Only the lines that hold "flip" should be in the answer, each copied from the data below.

_Items listed in a dataset_.
+---+
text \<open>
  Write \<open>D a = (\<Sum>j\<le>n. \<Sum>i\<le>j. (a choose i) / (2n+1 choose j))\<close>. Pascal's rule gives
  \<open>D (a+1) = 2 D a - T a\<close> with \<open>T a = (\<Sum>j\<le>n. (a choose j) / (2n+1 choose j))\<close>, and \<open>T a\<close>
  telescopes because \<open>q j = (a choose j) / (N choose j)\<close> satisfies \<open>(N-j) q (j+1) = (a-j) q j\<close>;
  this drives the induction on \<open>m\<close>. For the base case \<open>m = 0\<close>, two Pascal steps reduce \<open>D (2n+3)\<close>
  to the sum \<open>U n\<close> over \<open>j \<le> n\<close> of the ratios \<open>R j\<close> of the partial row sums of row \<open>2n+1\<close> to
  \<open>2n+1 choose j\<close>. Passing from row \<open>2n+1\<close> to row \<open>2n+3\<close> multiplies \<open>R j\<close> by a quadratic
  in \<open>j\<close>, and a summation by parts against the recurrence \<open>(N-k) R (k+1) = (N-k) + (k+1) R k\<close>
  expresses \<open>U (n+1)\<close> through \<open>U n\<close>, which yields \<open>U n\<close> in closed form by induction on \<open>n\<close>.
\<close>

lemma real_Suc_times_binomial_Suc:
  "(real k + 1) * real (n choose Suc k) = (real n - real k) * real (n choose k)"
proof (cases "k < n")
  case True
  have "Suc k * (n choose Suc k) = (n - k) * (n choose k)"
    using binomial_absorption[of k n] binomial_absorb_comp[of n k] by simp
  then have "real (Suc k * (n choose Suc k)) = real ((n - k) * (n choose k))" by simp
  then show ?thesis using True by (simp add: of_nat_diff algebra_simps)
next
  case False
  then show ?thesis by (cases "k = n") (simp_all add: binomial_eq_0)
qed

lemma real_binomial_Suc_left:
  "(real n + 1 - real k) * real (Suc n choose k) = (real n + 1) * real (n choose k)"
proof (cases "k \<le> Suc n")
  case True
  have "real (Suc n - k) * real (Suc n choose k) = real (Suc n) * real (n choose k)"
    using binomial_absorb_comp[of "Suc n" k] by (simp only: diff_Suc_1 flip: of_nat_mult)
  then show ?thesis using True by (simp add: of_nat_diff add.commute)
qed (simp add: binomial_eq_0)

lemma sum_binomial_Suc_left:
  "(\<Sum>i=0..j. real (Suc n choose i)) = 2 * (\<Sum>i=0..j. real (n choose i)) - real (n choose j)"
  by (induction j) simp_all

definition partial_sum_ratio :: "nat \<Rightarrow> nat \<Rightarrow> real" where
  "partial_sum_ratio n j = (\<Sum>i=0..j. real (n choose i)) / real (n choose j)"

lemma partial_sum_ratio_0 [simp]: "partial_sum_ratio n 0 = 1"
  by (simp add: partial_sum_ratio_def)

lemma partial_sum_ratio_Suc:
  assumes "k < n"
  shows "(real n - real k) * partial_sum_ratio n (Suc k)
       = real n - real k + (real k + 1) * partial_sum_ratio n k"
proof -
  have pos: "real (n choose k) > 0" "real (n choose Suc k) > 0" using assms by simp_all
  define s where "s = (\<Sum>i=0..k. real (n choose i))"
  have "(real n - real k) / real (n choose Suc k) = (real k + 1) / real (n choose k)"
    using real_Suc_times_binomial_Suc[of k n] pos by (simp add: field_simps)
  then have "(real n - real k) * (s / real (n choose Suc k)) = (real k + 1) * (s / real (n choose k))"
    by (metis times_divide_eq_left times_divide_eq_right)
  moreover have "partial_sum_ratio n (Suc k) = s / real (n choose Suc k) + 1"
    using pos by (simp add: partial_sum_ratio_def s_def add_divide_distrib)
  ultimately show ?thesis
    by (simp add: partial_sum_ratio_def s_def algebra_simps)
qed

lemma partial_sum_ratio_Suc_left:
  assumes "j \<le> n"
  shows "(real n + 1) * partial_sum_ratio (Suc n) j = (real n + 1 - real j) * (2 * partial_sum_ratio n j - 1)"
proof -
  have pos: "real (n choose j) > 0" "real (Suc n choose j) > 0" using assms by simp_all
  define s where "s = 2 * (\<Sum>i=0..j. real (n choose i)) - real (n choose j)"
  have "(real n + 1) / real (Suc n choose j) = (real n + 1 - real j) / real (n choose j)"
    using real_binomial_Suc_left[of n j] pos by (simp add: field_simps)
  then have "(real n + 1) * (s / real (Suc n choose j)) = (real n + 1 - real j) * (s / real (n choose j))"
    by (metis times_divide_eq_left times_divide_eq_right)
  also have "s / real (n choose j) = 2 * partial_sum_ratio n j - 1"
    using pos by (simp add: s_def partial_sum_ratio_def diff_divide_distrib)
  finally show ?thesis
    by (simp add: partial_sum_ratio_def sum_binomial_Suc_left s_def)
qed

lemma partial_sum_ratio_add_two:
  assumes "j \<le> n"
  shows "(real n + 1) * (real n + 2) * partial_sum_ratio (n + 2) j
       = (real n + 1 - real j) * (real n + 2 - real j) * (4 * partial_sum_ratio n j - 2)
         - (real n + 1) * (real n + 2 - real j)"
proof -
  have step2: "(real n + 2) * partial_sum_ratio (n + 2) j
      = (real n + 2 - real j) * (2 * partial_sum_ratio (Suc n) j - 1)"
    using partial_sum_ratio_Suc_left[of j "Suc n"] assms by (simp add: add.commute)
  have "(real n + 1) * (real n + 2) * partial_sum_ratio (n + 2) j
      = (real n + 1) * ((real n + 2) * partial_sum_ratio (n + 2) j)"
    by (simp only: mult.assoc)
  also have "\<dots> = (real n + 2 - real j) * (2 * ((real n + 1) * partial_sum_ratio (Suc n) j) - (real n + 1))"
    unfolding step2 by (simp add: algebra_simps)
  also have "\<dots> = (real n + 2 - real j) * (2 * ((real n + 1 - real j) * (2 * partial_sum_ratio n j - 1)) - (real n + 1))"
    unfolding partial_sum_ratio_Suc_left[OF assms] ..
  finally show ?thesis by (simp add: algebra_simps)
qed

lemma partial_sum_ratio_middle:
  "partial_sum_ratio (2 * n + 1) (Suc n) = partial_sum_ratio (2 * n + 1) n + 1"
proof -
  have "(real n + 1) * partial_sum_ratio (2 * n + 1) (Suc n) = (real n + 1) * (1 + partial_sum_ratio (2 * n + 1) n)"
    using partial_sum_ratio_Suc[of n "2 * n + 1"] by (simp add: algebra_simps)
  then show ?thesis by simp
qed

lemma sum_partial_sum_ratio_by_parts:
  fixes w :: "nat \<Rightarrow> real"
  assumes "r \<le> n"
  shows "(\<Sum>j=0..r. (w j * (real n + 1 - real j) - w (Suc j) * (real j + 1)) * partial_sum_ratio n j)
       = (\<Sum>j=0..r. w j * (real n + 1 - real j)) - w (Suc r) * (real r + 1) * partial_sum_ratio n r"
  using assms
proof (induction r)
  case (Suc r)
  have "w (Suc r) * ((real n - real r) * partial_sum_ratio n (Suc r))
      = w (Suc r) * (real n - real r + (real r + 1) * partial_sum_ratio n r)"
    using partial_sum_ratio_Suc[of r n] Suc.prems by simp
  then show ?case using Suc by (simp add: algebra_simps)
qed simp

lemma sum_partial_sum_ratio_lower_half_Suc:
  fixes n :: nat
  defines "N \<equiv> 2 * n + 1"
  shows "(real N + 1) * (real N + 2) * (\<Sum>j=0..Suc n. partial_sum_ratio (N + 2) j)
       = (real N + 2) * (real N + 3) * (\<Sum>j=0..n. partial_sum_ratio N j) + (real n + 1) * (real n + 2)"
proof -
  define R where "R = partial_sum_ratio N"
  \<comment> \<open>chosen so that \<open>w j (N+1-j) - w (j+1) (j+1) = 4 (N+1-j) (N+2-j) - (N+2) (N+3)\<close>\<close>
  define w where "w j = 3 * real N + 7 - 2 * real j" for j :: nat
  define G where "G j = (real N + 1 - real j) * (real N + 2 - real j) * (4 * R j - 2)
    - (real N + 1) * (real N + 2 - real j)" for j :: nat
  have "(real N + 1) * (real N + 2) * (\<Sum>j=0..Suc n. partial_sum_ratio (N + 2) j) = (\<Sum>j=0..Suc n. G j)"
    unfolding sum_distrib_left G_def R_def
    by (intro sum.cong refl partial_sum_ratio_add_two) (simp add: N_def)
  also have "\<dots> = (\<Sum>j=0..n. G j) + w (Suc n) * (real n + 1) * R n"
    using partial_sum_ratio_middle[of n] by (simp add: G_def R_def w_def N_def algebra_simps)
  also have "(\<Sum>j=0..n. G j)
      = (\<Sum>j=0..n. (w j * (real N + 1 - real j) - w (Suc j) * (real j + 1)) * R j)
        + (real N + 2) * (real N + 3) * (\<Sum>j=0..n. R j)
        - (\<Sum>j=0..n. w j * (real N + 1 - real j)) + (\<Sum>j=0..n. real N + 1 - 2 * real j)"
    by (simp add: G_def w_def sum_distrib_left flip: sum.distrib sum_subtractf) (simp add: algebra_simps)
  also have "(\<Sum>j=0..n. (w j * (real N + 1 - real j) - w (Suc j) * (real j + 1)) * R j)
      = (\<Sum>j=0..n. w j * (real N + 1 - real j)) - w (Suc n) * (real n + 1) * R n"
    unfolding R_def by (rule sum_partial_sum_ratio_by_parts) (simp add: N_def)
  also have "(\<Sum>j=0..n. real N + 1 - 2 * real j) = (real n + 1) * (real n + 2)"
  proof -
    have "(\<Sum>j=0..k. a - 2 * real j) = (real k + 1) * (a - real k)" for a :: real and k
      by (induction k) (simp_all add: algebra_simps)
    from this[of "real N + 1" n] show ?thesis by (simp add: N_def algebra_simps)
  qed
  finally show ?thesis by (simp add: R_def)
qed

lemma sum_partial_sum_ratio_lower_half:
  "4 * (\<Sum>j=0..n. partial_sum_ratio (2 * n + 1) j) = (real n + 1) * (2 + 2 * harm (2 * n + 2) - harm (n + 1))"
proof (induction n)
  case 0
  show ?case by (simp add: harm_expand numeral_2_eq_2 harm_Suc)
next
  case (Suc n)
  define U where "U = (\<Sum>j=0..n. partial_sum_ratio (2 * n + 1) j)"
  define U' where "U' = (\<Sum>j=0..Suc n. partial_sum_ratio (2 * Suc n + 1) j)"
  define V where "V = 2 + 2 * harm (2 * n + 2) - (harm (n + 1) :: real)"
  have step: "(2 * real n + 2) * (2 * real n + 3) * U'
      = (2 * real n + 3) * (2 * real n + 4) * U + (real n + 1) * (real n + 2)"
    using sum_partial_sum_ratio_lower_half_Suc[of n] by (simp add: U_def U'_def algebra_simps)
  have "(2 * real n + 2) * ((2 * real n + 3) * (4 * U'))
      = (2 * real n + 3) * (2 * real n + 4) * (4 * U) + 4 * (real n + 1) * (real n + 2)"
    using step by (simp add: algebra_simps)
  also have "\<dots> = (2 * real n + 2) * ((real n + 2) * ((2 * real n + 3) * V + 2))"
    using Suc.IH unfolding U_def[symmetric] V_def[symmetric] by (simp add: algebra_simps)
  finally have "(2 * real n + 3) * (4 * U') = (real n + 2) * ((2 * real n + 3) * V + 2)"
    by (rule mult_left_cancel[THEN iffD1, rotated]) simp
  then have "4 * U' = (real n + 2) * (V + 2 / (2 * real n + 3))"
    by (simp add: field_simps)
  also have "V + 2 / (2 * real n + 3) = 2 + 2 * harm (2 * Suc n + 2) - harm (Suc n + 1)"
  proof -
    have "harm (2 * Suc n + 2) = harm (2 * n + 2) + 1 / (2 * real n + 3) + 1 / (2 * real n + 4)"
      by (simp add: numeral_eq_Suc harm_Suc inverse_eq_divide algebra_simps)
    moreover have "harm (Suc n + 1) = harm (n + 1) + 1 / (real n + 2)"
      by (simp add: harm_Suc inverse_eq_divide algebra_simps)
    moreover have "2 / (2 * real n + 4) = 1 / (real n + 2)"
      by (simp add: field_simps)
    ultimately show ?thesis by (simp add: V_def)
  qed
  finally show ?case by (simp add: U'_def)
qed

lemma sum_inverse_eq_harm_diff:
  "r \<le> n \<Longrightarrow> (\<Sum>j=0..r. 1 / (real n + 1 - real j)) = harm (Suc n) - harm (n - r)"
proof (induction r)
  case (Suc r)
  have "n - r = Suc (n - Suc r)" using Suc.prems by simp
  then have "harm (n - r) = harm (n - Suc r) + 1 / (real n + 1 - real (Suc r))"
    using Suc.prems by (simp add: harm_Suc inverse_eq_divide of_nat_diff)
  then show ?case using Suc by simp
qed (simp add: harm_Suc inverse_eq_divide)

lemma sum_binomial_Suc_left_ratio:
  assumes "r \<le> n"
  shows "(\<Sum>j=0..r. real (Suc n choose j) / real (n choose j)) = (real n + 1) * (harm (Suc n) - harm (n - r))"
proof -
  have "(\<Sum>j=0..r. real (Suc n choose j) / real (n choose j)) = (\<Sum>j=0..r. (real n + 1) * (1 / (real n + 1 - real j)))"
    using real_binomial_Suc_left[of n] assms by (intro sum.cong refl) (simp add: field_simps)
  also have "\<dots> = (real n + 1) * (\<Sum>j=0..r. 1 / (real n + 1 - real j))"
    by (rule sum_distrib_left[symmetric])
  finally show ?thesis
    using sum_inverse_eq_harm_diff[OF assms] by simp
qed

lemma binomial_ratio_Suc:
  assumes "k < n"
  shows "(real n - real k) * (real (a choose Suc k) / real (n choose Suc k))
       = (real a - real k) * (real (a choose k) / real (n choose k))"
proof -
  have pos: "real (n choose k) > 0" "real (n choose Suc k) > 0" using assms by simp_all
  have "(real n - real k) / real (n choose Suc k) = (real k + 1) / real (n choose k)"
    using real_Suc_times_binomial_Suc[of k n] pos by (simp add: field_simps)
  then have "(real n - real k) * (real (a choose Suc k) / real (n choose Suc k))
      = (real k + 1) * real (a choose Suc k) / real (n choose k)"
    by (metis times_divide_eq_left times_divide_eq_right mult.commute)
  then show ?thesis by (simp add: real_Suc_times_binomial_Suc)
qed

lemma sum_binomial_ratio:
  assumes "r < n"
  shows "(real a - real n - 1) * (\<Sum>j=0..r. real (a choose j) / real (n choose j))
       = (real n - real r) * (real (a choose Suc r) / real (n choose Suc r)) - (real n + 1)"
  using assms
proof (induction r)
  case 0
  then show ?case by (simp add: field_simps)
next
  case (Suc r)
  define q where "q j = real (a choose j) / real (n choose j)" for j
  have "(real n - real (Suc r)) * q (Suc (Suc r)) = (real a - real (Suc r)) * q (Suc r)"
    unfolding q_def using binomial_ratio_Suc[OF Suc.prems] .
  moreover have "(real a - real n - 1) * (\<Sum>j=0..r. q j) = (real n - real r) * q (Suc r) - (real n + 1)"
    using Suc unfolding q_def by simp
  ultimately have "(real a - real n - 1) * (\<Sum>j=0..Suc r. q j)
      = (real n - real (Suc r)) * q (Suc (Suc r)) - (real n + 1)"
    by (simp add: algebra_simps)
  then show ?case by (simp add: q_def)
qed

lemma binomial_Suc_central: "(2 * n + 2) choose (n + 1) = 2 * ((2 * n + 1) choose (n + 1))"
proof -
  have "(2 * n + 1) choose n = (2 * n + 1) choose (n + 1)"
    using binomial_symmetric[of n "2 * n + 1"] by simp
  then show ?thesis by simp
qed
+---+
_Your response_.
    using binomial_absorb_comp[of "Suc n" k] by (simp only: diff_Suc_1 flip: of_nat_mult)
    by (simp add: G_def w_def sum_distrib_left flip: sum.distrib sum_subtractf) (simp add: algebra_simps)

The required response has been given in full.